The Company provides customers with payment
terms of thirty days.
Cash and Cash Equivalents
For purposes of the condensed consolidated
statements of cash flows, the Company considers all highly liquid investments with a maturity of three months or less when purchased
to be cash equivalents.
The Company's cash balances are primarily maintained
at two separate banks. Balances are insured by the Federal Deposit Insurance Corporation subject to certain limitations.
nDivision Inc
Notes to the Condensed Consolidated Financial
Statements
(Unaudited)
2. SUMMMARY OF SIGNIFICANT ACCOUNTING
POLICIES (continued)
Accounts Receivable
Accounts receivable are stated at the amounts
management expects to collect. An allowance for doubtful accounts is recorded, as a charge to bad debt expense, where collection
is considered to be doubtful due to credit issues. These allowances together reflect the Company's estimate of potential losses
inherent in accounts receivable balances, based on historical loss and known factors impacting its customers. Management
has determined that there was no allowance required for the period ended September 30, 2018 and 2017. The Company does not
accrue interest on past due receivables.
Concentration of Risk
Financial instruments, which potentially subject
the Company to concentrations of credit risk, are cash and accounts receivable. See Note 15 for significant customer concentration
disclosure.
Cash is maintained with two separate major
financial institutions in the United States and may exceed the amount of insurance provided on such deposits. Generally, these
deposits may be redeemed upon demand, and, therefore, bear minimal risk.
Equipment and Software Licenses
Equipment and software licenses are stated
at cost. Depreciation is calculated using the straight-line method over an estimated useful life of one to ten years. Leasehold
improvements are amortized over the shorter of the useful life of the related asset or the period of the lease.
Long-Lived Assets
The Company reviews the carrying value of its
long-lived assets whenever events or changes in circumstances indicate that the carrying values may no longer be appropriate.
Recoverability of carrying values is assessed by estimating future net cash flows from the assets. Based on management's
evaluations, no impairment charge was deemed necessary at September 30, 2018 and 2017. Impairment assessment inherently involves
judgment as to assumptions about expected future cash flows and the impact of market conditions on those assumptions. Future
events and changing market conditions may impact management's assumptions as to sales prices, rental rates, costs, holding periods
or other factors that may result in changes in the Company's estimates of future cash flows. Although management believes
the assumptions used in testing for impairment are reasonable, changes in any one of the assumptions could produce a significantly
different result.
Fair Value Measurement
The Company follows the provisions of the accounting
standard which defines fair value, establishes a framework for measuring fair value and enhances fair value measurement disclosure.

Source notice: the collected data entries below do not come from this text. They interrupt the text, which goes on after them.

lemma dist_Phi_le: "dist (Phi f1) (Phi f2) \<le> 1/2 * dist f1 f2"
proof (rule dist_bound)
  define c where "c = Re l1 * Re l2"
  have c: "c > 0" unfolding c_def by (rule Re_product_pos)
  have source_diff: "norm (source f1 s - source f2 s) \<le> c / 2 * dist f1 f2" for s
  proof -
    have "norm (source f1 s - source f2 s) = \<bar>F s (apply_bcontfun f1 s) - F s (apply_bcontfun f2 s)\<bar>"
      unfolding source_def by (simp flip: of_real_diff)
    also have "\<dots> \<le> c / 2 * \<bar>apply_bcontfun f1 s - apply_bcontfun f2 s\<bar>"
      using lipschitz_F unfolding c_def by simp
    also have "\<dots> \<le> c / 2 * dist f1 f2"
      using c dist_bounded[of f1 s f2] unfolding dist_real_def by (intro mult_left_mono) auto
    finally show ?thesis .
  qed
  have source_diff_bounded: "norm (source f1 s - source f2 s) \<le> 2 * (d * c)" for s
    using norm_triangle_ineq4[of "source f1 s" "source f2 s"] norm_source_le[of f1 s]
      norm_source_le[of f2 s] unfolding c_def by simp
  have V_diff: "norm (V f1 t - V f2 t) \<le> c / 2 * dist f1 f2 / (- Re l1)" for t
  proof -
    have "V f1 t - V f2 t = expconv l1 (\<lambda>s. source f1 s - source f2 s) t"
      unfolding V_def
      by (rule expconv_diff[OF Re_l1 continuous_on_source norm_source_le continuous_on_source norm_source_le])
    also have "norm \<dots> \<le> c / 2 * dist f1 f2 / (- Re l1)"
      by (intro norm_expconv_le[OF Re_l1 _ source_diff_bounded source_diff] continuous_intros
          continuous_on_source)
    finally show ?thesis .
  qed
  have V_diff_bounded: "norm (V f1 s - V f2 s) \<le> 2 * (d * c / (- Re l1))" for s
    using norm_triangle_ineq4[of "V f1 s" "V f2 s"] norm_V_le[of f1 s] norm_V_le[of f2 s]
    unfolding c_def by simp
  fix t
  have "W f1 t - W f2 t = expconv l2 (\<lambda>s. V f1 s - V f2 s) t"
    unfolding W_def by (rule expconv_diff[OF Re_l2 continuous_on_V norm_V_le continuous_on_V norm_V_le])
  also have "norm \<dots> \<le> c / 2 * dist f1 f2 / (- Re l1) / (- Re l2)"
    by (intro norm_expconv_le[OF Re_l2 _ V_diff_bounded V_diff] continuous_intros continuous_on_V)
  also have "\<dots> = 1/2 * dist f1 f2" unfolding c_def using Re_l1 Re_l2 by simp
  finally show "dist (apply_bcontfun (Phi f1) t) (apply_bcontfun (Phi f2) t) \<le> 1/2 * dist f1 f2"
    unfolding Phi_apply dist_real_def using abs_Re_le_cmod[of "W f1 t - W f2 t"] by simp
qed

lemma Phi_fixed_point: "\<exists>z. Phi z = z"
  using banach_fix_type[of "1/2" Phi] dist_Phi_le by auto

text \<open>With \<open>M = sup |z|\<close> on \<open>(-\<infinity>, t0]\<close>, the fixed point equation gives
  \<open>M \<le> \<eta>/2 + M/2\<close> as soon as \<open>|F s 0| \<le> \<eta> Re l1 Re l2 / 2\<close> on \<open>(-\<infinity>, t0]\<close>.\<close>
lemma fixed_point_eventually_small:
  assumes fixed: "Phi z = z" and F0: "((\<lambda>s. F s 0) \<longlongrightarrow> 0) at_bot" and \<eta>: "\<eta> > 0"
  shows "\<exists>t0. \<forall>t\<le>t0. \<bar>apply_bcontfun z t\<bar> \<le> \<eta>"
proof -
  define c where "c = Re l1 * Re l2"
  have c: "c > 0" unfolding c_def by (rule Re_product_pos)
  have z_W: "apply_bcontfun z t = Re (W z t)" for t using Phi_apply[of z t] fixed by simp
  have z_bound: "\<bar>apply_bcontfun z t\<bar> \<le> d" for t
    unfolding z_W using norm_W_le[of z t] abs_Re_le_cmod[of "W z t"] by simp
  obtain t0 where t0: "\<And>s. s \<le> t0 \<Longrightarrow> \<bar>F s 0\<bar> \<le> \<eta> * c / 2"
    using tendsto_at_bot_imp_abs_le[OF F0, of "\<eta> * c / 2"] \<eta> c by auto
  define M where "M = (SUP s\<in>{..t0}. \<bar>apply_bcontfun z s\<bar>)"
  have bdd: "bdd_above ((\<lambda>s. \<bar>apply_bcontfun z s\<bar>) ` {..t0})"
    by (rule bdd_aboveI2[where M = d]) (rule z_bound)
  have M_ge: "\<bar>apply_bcontfun z s\<bar> \<le> M" if "s \<le> t0" for s
    unfolding M_def using that bdd by (intro cSUP_upper) auto
  have "\<bar>apply_bcontfun z r\<bar> \<le> \<eta> / 2 + M / 2" if r: "r \<le> t0" for r
  proof -
    have source_small: "norm (source z s) \<le> \<eta> * c / 2 + c / 2 * M" if s: "s \<le> r" for s
    proof -
      have "norm (source z s) \<le> \<bar>F s 0\<bar> + \<bar>F s (apply_bcontfun z s) - F s 0\<bar>"
        unfolding source_def by simp
      also have "\<dots> \<le> \<eta> * c / 2 + c / 2 * \<bar>apply_bcontfun z s\<bar>"
        using t0[of s] lipschitz_F[of s "apply_bcontfun z s" 0] s r unfolding c_def by simp
      also have "\<dots> \<le> \<eta> * c / 2 + c / 2 * M"
        using M_ge[of s] s r c by simp
      finally show ?thesis .
    qed
    have "norm (V z s) \<le> (\<eta> * c / 2 + c / 2 * M) / (- Re l1)" if "s \<le> r" for s
      unfolding V_def using source_small that
      by (intro norm_expconv_le[OF Re_l1 continuous_on_source norm_source_le]) auto
    then have "norm (W z r) \<le> (\<eta> * c / 2 + c / 2 * M) / (- Re l1) / (- Re l2)"
      unfolding W_def by (intro norm_expconv_le[OF Re_l2 continuous_on_V norm_V_le]) auto
    also have "\<dots> = \<eta> / 2 + M / 2" unfolding c_def using Re_l1 Re_l2 by (simp add: field_simps)
    finally show ?thesis unfolding z_W using abs_Re_le_cmod[of "W z r"] by linarith
  qed
  then have "M \<le> \<eta> / 2 + M / 2" unfolding M_def by (intro cSUP_least) (auto simp: M_def[symmetric])
  then show ?thesis using M_ge by (intro exI[of _ t0]) force
qed

lemma exists_decaying_solution:
  assumes F0: "((\<lambda>s. F s 0) \<longlongrightarrow> 0) at_bot"
  shows "\<exists>z z'. (\<forall>t. (z has_real_derivative z' t) (at t) \<and>
           (z' has_real_derivative - a * z' t - k * z t + F t (z t)) (at t)) \<and>
         (\<forall>t. \<bar>z t\<bar> \<le> d) \<and> (z \<longlongrightarrow> 0) at_bot"
proof -
  obtain f where fixed: "Phi f = f" using Phi_fixed_point by blast
  define z where "z t = Re (W f t)" for t
  define z' where "z' t = Re (l2 * W f t + V f t)" for t
  have z_f: "z t = apply_bcontfun f t" for t unfolding z_def using Phi_apply[of f t] fixed by simp
  have dV: "(V f has_vector_derivative l1 * V f t + source f t) (at t)" for t
    unfolding V_def by (rule expconv_has_vector_derivative[OF Re_l1 continuous_on_source norm_source_le])
  have dW: "(W f has_vector_derivative l2 * W f t + V f t) (at t)" for t
    unfolding W_def by (rule expconv_has_vector_derivative[OF Re_l2 continuous_on_V norm_V_le])
  have dRe: "((\<lambda>t. Re (g t)) has_real_derivative Re g') (at t)"
    if "(g has_vector_derivative g') (at t)" for g :: "real \<Rightarrow> complex" and g' t
    using bounded_linear.has_vector_derivative[OF bounded_linear_Re that]
    by (simp add: has_real_derivative_iff_has_vector_derivative)
  have "l2 * l2 = l2 * (l1 + l2) - l1 * l2" by (simp add: algebra_simps)
  then have l2_sq: "l2 * l2 = - of_real a * l2 - of_real k"
    unfolding sum_roots prod_roots by (simp add: algebra_simps)
  have factored: "l2 * (l2 * W f t + V f t) + (l1 * V f t + source f t)
      = - of_real a * (l2 * W f t + V f t) - of_real k * W f t + source f t" for t
  proof -
    have "l2 * (l2 * W f t + V f t) + (l1 * V f t + source f t)
        = (l2 * l2) * W f t + (l1 + l2) * V f t + source f t" by (simp add: algebra_simps)
    also have "\<dots> = - of_real a * (l2 * W f t + V f t) - of_real k * W f t + source f t"
      unfolding l2_sq sum_roots by (simp add: algebra_simps)
    finally show ?thesis .
  qed
  have "Re (l2 * (l2 * W f t + V f t) + (l1 * V f t + source f t))
      = - a * z' t - k * z t + F t (z t)" for t
    unfolding factored by (simp add: z'_def z_def source_def z_f[symmetric])
  moreover have "(z' has_real_derivative Re (l2 * (l2 * W f t + V f t) + (l1 * V f t + source f t))) (at t)" for t
    unfolding z'_def by (intro dRe derivative_intros dW dV)
  moreover have "(z has_real_derivative z' t) (at t)" for t
    unfolding z_def[abs_def] z'_def by (intro dRe dW)
  moreover have "\<bar>z t\<bar> \<le> d" for t
    unfolding z_def using norm_W_le[of f t] abs_Re_le_cmod[of "W f t"] by simp
  moreover have "(z \<longlongrightarrow> 0) at_bot"
  proof (rule tendstoI)
    fix \<epsilon> :: real assume "\<epsilon> > 0"
    then obtain t0 where "\<And>t. t \<le> t0 \<Longrightarrow> \<bar>apply_bcontfun f t\<bar> \<le> \<epsilon> / 2"
      using fixed_point_eventually_small[OF fixed F0, of "\<epsilon> / 2"] by auto
    with \<open>\<epsilon> > 0\<close> show "\<forall>\<^sub>F t in at_bot. dist (z t) 0 < \<epsilon>"
      unfolding eventually_at_bot_linorder z_f dist_real_def by force
  qed
  ultimately show ?thesis by metis
qed

end

definition clip :: "real \<Rightarrow> real \<Rightarrow> real" where
  "clip d z = max (- d) (min d z)"

lemma abs_clip_le: "d \<ge> 0 \<Longrightarrow> \<bar>clip d z\<bar> \<le> d"
  unfolding clip_def by auto

lemma abs_clip_diff_le: "\<bar>clip d z1 - clip d z2\<bar> \<le> \<bar>z1 - z2\<bar>"
  unfolding clip_def by auto

lemma clip_eq: "\<bar>z\<bar> \<le> d \<Longrightarrow> clip d z = z"
  unfolding clip_def by auto

lemma continuous_on_clip: "continuous_on UNIV (clip d)"
  unfolding clip_def[abs_def] by (intro continuous_intros)

text \<open>The equation for \<open>z = y - 1\<close> reads \<open>z'' + alpha z' + (p - 1) z = nonlin (1 + z) + (p - 1) z\<close>.
  Its right-hand side is frozen at time \<open>T\<close> and truncated to \<open>|z| \<le> d\<close>, which makes it bounded and
  globally Lipschitz without changing it on the region \<open>t \<le> T, |z| \<le> d\<close> where the solution lives.\<close>
definition frozen_nonlin :: "nat \<Rightarrow> real \<Rightarrow> real \<Rightarrow> real \<Rightarrow> real \<Rightarrow> real \<Rightarrow> real" where
  "frozen_nonlin N p d T s z = nonlin N p (min s T) (1 + clip d z) + (p - 1) * clip d z"

lemma frozen_nonlin_eq:
  "s \<le> T \<Longrightarrow> \<bar>z\<bar> \<le> d \<Longrightarrow> frozen_nonlin N p d T s z = nonlin N p s (1 + z) + (p - 1) * z"
  unfolding frozen_nonlin_def by (simp add: clip_eq)

lemma frozen_nonlin_0: "d \<ge> 0 \<Longrightarrow> frozen_nonlin N p d T s 0 = - (B0 N p (min s T) + B1 N p (min s T))"
  unfolding frozen_nonlin_def by (simp add: clip_eq nonlin_at_1)

lemma continuous_on_frozen_nonlin:
  assumes d: "d < 1" and f: "continuous_on UNIV f"
  shows "continuous_on UNIV (\<lambda>s. frozen_nonlin N p d T s (f s))"
proof -
  have u: "continuous_on UNIV (\<lambda>s. 1 + clip d (f s))"
    by (intro continuous_on_add continuous_on_const continuous_on_compose2[OF continuous_on_clip f]) auto
  have "1 + clip d (f s) \<noteq> 0" for s unfolding clip_def using d by auto
  then have u_powr: "continuous_on UNIV (\<lambda>s. (1 + clip d (f s)) powr p)"
    by (intro continuous_on_powr u continuous_on_const) auto
  have frozen_time: "continuous_on UNIV (\<lambda>s. B (min s T))"
    if "continuous_on UNIV B" for B :: "real \<Rightarrow> real"
    by (rule continuous_on_compose2[OF that]) (auto intro: continuous_intros)
  have "continuous_on UNIV (\<lambda>s. clip d (f s))"
    by (rule continuous_on_compose2[OF continuous_on_clip f]) auto
  then show ?thesis unfolding frozen_nonlin_def nonlin_def
    by (intro continuous_on_add continuous_on_diff continuous_on_mult u u_powr continuous_on_const
        frozen_time continuous_on_B0 continuous_on_B1)
qed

Under these provisions, fair value is defined as the price that would be received to sell an asset or paid to transfer a liability
(i.e., the "exit price") in an orderly transaction between market participants at the measurement date.

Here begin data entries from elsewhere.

definition genfun :: "cint list set \<Rightarrow> int fps fps fps" where
  "genfun S = Abs_fps (\<lambda>n. Abs_fps (\<lambda>v. Abs_fps (\<lambda>u. int (card (parts_with S n u v)))))"

definition bounded_parts :: "cint \<Rightarrow> cint list set" where
  "bounded_parts kx = {p. admissible p \<and> (p = [] \<or> cle (hd p) kx)}"

definition tails :: "cint \<Rightarrow> cint list set" where
  "tails c = {p. admissible (c # p)}"

definition part_monomial :: "cint \<Rightarrow> int fps fps fps" where
  "part_monomial c = vara ^ weight_u [c] * varb ^ weight_v [c] * varq ^ fst c"

lemma part_monomial_simps:
  "part_monomial (j, Ca) = vara * varq ^ j" "part_monomial (j, Cb) = varb * varq ^ j"
  "part_monomial (j, Cab) = vara * varb * varq ^ j"
  "part_monomial (j, Ca2) = vara ^ 2 * varq ^ j" "part_monomial (j, Cb2) = varb ^ 2 * varq ^ j"
  by (simp_all add: part_monomial_def weight_u_def weight_v_def power2_eq_square)

lemma G_eq_genfun: "G kx = genfun (bounded_parts kx)"
  by (simp add: G_def genfun_def parts_with_def bounded_parts_def parts_bounded_def)

lemma finite_parts_with:
  assumes "S \<subseteq> Collect admissible" shows "finite (parts_with S n u v)"
proof (rule finite_subset)
  have "length p \<le> psize p" "\<forall>c\<in>set p. fst c \<le> psize p" if "admissible p" for p
    using that by (induction p) (auto simp: admissible_Cons psize_def dest: allowed_part_pos)
  then show "parts_with S n u v \<subseteq> {p. set p \<subseteq> {..n} \<times> UNIV \<and> length p \<le> n}"
    using assms by (force simp: parts_with_def)
  show "finite {p. set p \<subseteq> {..n} \<times> (UNIV :: colour set) \<and> length p \<le> n}"
  proof (intro finite_lists_length_le finite_cartesian_product)
    have "(UNIV :: colour set) = {Ca, Cb, Cab, Ca2, Cb2}"
      using colour.exhaust by blast
    then show "finite (UNIV :: colour set)" by (metis finite.emptyI finite_insert)
  qed simp
qed

lemma genfun_Un_disjoint:
  assumes "S \<subseteq> Collect admissible" "T \<subseteq> Collect admissible" "S \<inter> T = {}"
  shows "genfun (S \<union> T) = genfun S + genfun T"
proof -
  have "parts_with (S \<union> T) n u v = parts_with S n u v \<union> parts_with T n u v"
    "parts_with S n u v \<inter> parts_with T n u v = {}" for n u v
    using assms(3) by (auto simp: parts_with_def)
  then show ?thesis
    by (simp add: genfun_def card_Un_disjoint finite_parts_with assms fps_eq_iff)
qed

lemma fps_nth_monomial_mult:
  fixes F :: "int fps fps fps"
  shows "fps_nth (fps_nth (fps_nth (vara ^ i * varb ^ j * varq ^ m * F) n) v) u =
    (if m \<le> n \<and> j \<le> v \<and> i \<le> u
     then fps_nth (fps_nth (fps_nth F (n - m)) (v - j)) (u - i) else 0)"
proof -
  have monomial: "vara ^ i * varb ^ j * varq ^ m * F =
      fps_const (fps_const (fps_X ^ i) * fps_X ^ j) * (fps_X ^ m * F)"
    by (simp add: vara_def varb_def varq_def mult.assoc fps_const_power)
  have "fps_nth (vara ^ i * varb ^ j * varq ^ m * F) n =
      (if n < m then 0 else fps_const (fps_X ^ i) * (fps_X ^ j * fps_nth F (n - m)))"
    unfolding monomial by (simp add: fps_X_power_mult_nth mult.assoc)
  then show ?thesis
    by (auto simp: fps_X_power_mult_nth)
qed

lemma genfun_Cons_image: "genfun ((#) c ` S) = part_monomial c * genfun S"
proof -
  have "parts_with ((#) c ` S) n u v =
      (if fst c \<le> n \<and> weight_v [c] \<le> v \<and> weight_u [c] \<le> u
       then (#) c ` parts_with S (n - fst c) (u - weight_u [c]) (v - weight_v [c]) else {})" for n u v
    by (auto simp: parts_with_def psize_def weight_u_def weight_v_def)
  then have "card (parts_with ((#) c ` S) n u v) =
      (if fst c \<le> n \<and> weight_v [c] \<le> v \<and> weight_u [c] \<le> u
       then card (parts_with S (n - fst c) (u - weight_u [c]) (v - weight_v [c])) else 0)" for n u v
    by (simp add: card_image)
  then show ?thesis
    by (simp add: fps_eq_iff part_monomial_def fps_nth_monomial_mult genfun_def)
qed

lemma Cons_tails_admissible: "(#) c ` tails c \<subseteq> Collect admissible"
  by (auto simp: tails_def)

lemma bounded_parts_admissible: "bounded_parts kx \<subseteq> Collect admissible"
  by (auto simp: bounded_parts_def)

lemma G_succ:
  assumes "rank kx + 1 = rank c" "allowed_part c"
  shows "G c = G kx + part_monomial c * genfun (tails c)"
proof -
  have "bounded_parts c = bounded_parts kx \<union> (#) c ` tails c"
  proof (intro set_eqI iffI)
    fix p assume p: "p \<in> bounded_parts c"
    show "p \<in> bounded_parts kx \<union> (#) c ` tails c"
    proof (cases p)
      case (Cons h q)
      with p have "admissible (h # q)" "rank h \<le> rank c"
        by (auto simp: bounded_parts_def cle_def)
      moreover have "h = c" if "rank kx < rank h"
      proof (rule rank_inj_valid)
        show "valid_cint h" "valid_cint c"
          using assms(2) \<open>admissible (h # q)\<close> by (auto simp: admissible_Cons allowed_part_def)
        show "rank h = rank c"
          using that assms(1) \<open>rank h \<le> rank c\<close> by simp
      qed
      ultimately show ?thesis
        using Cons by (auto simp: bounded_parts_def tails_def cle_def not_le)
    qed (use p in \<open>simp add: bounded_parts_def\<close>)
  qed (use assms in \<open>auto simp: bounded_parts_def tails_def cle_def\<close>)
  moreover have "bounded_parts kx \<inter> (#) c ` tails c = {}"
    using assms by (auto simp: bounded_parts_def tails_def cle_def)
  ultimately show ?thesis
    by (simp add: G_eq_genfun genfun_Un_disjoint bounded_parts_admissible
        Cons_tails_admissible genfun_Cons_image)
qed

lemma genfun_tails_eq_G:
  assumes "allowed_part c" and follow: "\<And>h. allowed_part h \<Longrightarrow> may_follow c h \<longleftrightarrow> cle h mu"
  shows "genfun (tails c) = G mu"
proof -
  have "tails c = bounded_parts mu"
  proof (intro set_eqI)
    fix p show "p \<in> tails c \<longleftrightarrow> p \<in> bounded_parts mu"
      using assms follow[of "hd p"]
      by (cases p) (auto simp: tails_def bounded_parts_def admissible_Cons)
  qed
  then show ?thesis by (simp add: G_eq_genfun)
qed

lemma genfun_tails_split:
  assumes "allowed_part c" and follow: "\<And>h. allowed_part h \<Longrightarrow> may_follow c h \<longleftrightarrow> cle h mu \<or> h = d"
    and "\<not> cle d mu"
  shows "genfun (tails c) = G mu + part_monomial d * genfun (tails d)"
proof -
  have "tails c = bounded_parts mu \<union> (#) d ` tails d"
  proof (intro set_eqI)
    fix p show "p \<in> tails c \<longleftrightarrow> p \<in> bounded_parts mu \<union> (#) d ` tails d"
      using assms follow[of "hd p"]
      by (cases p) (auto simp: tails_def bounded_parts_def admissible_Cons)
  qed
  moreover have "bounded_parts mu \<inter> (#) d ` tails d = {}"
    using assms(3) by (auto simp: bounded_parts_def)
  ultimately show ?thesis
    by (simp add: G_eq_genfun genfun_Un_disjoint bounded_parts_admissible
        Cons_tails_admissible genfun_Cons_image)
qed

lemma genfun_tails_odd_Cab:
  assumes "k \<ge> 1" shows "genfun (tails (2*k+1, Cab)) = G (2*k-1, Ca)"
proof (rule genfun_tails_eq_G)
  show "allowed_part (2*k+1, Cab)"
    using assms by (simp add: allowed_part_def valid_cint_def)
  show "may_follow (2*k+1, Cab) h \<longleftrightarrow> cle h (2*k-1, Ca)" if "allowed_part h" for h
    using assms that by (cases h; cases "snd h";
        simp add: allowed_part_def valid_cint_def may_follow_def cle_def rank_valid del: rank.simps; arith)
qed

lemma genfun_tails_odd_Ca:
  assumes "k \<ge> 1" shows "genfun (tails (2*k+1, Ca)) = G (2*k, Cab)"
proof (rule genfun_tails_eq_G)
  show "allowed_part (2*k+1, Ca)"
    using assms by (simp add: allowed_part_def valid_cint_def)
  show "may_follow (2*k+1, Ca) h \<longleftrightarrow> cle h (2*k, Cab)" if "allowed_part h" for h
    using assms that by (cases h; cases "snd h";
        simp add: allowed_part_def valid_cint_def may_follow_def cle_def rank_valid del: rank.simps; arith)
qed

lemma genfun_tails_odd_Cb2:
  assumes "k \<ge> 1" shows "genfun (tails (2*k+1, Cb2)) = G (2*k-1, Ca)"
proof (rule genfun_tails_eq_G)
  show "allowed_part (2*k+1, Cb2)"
    using assms by (simp add: allowed_part_def valid_cint_def)
  show "may_follow (2*k+1, Cb2) h \<longleftrightarrow> cle h (2*k-1, Ca)" if "allowed_part h" for h
    using assms that by (cases h; cases "snd h";
        simp add: allowed_part_def valid_cint_def may_follow_def cle_def rank_valid del: rank.simps; arith)
qed

lemma genfun_tails_odd_Cb:
  assumes "k \<ge> 1" shows "genfun (tails (2*k+1, Cb)) = G (2*k, Ca)"
proof (rule genfun_tails_eq_G)
  show "allowed_part (2*k+1, Cb)"
    using assms by (simp add: allowed_part_def valid_cint_def)
  show "may_follow (2*k+1, Cb) h \<longleftrightarrow> cle h (2*k, Ca)" if "allowed_part h" for h
    using assms that by (cases h; cases "snd h";
        simp add: allowed_part_def valid_cint_def may_follow_def cle_def rank_valid del: rank.simps; arith)
qed

lemma genfun_tails_even_Cb:
  assumes "k \<ge> 1" shows "genfun (tails (2*k, Cb)) = G (2*k-1, Ca)"
proof (rule genfun_tails_eq_G)
  show "allowed_part (2*k, Cb)"
    using assms by (simp add: allowed_part_def valid_cint_def)
  show "may_follow (2*k, Cb) h \<longleftrightarrow> cle h (2*k-1, Ca)" if "allowed_part h" for h
    using assms that by (cases h; cases "snd h";
        simp add: allowed_part_def valid_cint_def may_follow_def cle_def rank_valid del: rank.simps; arith)
qed

lemma genfun_tails_even_Cab:
  assumes "k \<ge> 1"
  shows "genfun (tails (2*k+2, Cab)) = G (2*k, Ca) + part_monomial (2*k, Cb) * G (2*k-1, Ca)"
proof -
  have "genfun (tails (2*k+2, Cab)) = G (2*k, Ca) + part_monomial (2*k, Cb) * genfun (tails (2*k, Cb))"
  proof (rule genfun_tails_split)
    show "allowed_part (2*k+2, Cab)"
      using assms by (simp add: allowed_part_def valid_cint_def)
    show "may_follow (2*k+2, Cab) h \<longleftrightarrow> cle h (2*k, Ca) \<or> h = (2*k, Cb)" if "allowed_part h" for h
      using assms that by (cases h; cases "snd h";
        simp add: allowed_part_def valid_cint_def may_follow_def cle_def rank_valid del: rank.simps; arith)
    show "\<not> cle (2*k, Cb) (2*k, Ca)"
      using assms by (simp add: cle_def rank_valid del: rank.simps)
  qed
  then show ?thesis using genfun_tails_even_Cb[OF assms] by simp
qed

The standard establishes a hierarchy for inputs
used in measuring fair value that maximizes the use of observable inputs and minimizes the use on unobservable inputs by requiring
that the most observable inputs be used when available. Observable inputs are inputs that market participants would use in pricing
the asset or liability developed based on market data obtained from sources independent of the Company. Unobservable inputs are
inputs that reflect the Company's assumptions about the assumptions market participants would use in pricing the asset or liability
developed based on the best information available in the circumstances. The hierarchy is described below:
Level 1: Quoted prices (unadjusted) in active
markets that are accessible at the measurement date for assets or liabilities. The fair value hierarchy gives the highest priority
to Level 1 inputs.
Level 2: Observable prices that are based on
inputs not quoted on active markets but corroborated by market data.
nDivision Inc
Notes to the Condensed Consolidated Financial
Statements
(Unaudited)
2. SUMMMARY OF SIGNIFICANT ACCOUNTING
POLICIES (continued)
Level 3: Unobservable inputs are used when
little or no market data is available. The fair value hierarchy gives the lowest priority to Level 3 inputs.
The fair value of the Company's current assets
and current liabilities approximate their carrying values due to their short-term nature. The carrying value of the Company's long-term
liabilities represents their fair value based on level 3 inputs. See Note 9 and 10 for acquisition note payable and financial
lease obligations.
Earnings and Loss per Share
Basic loss per share is computed by dividing
net loss attributable to common stockholders by the weighted average common shares outstanding for the period. Potentially dilutive
common shares may consist of incremental shares issuable upon the exercise of stock options and warrants and the conversion of
notes payable to common stock. In periods in which a net loss has been incurred, all potentially dilutive common shares are considered
anti-dilutive and thus are excluded from the calculation. There were approximately 8,142,000 and 2,138,286 of common stock equivalents
excluded for the periods ended September 30, 2018 and 2017, respectively because their effect is anti-dilutive.
Marketing Costs
Marketing costs, which are expensed as incurred,
totaled approximately $687 and $11,341, and $0 and $6,322 for the three and nine months ended September 30, 2018 and 2017, respectively.
Stock-Based Compensation
The Company accounts for stock-based awards
to employees in accordance with applicable accounting principles, which requires compensation expense related to share-based transactions,
including employee stock options, to be measured and recognized in the financial statements based on a determination of the fair
value of the stock options. The grant date fair value is determined using the Black-Scholes-Merton ("Black-Scholes")
pricing model. For all employee stock options, we recognize expense over the requisite service period on an accelerated basis over
the employee's requisite service period (generally the vesting period of the equity grant). The Company's option pricing model
requires the input of highly subjective assumptions, including the expected stock price volatility and expected term. Any changes
in these highly subjective assumptions significantly impact stock-based compensation expense.
Options awarded to purchase shares of common
stock issued to non-employees in exchange for services are accounted for as variable awards in accordance with applicable accounting
principles. Such options are valued using the Black-Scholes option pricing model.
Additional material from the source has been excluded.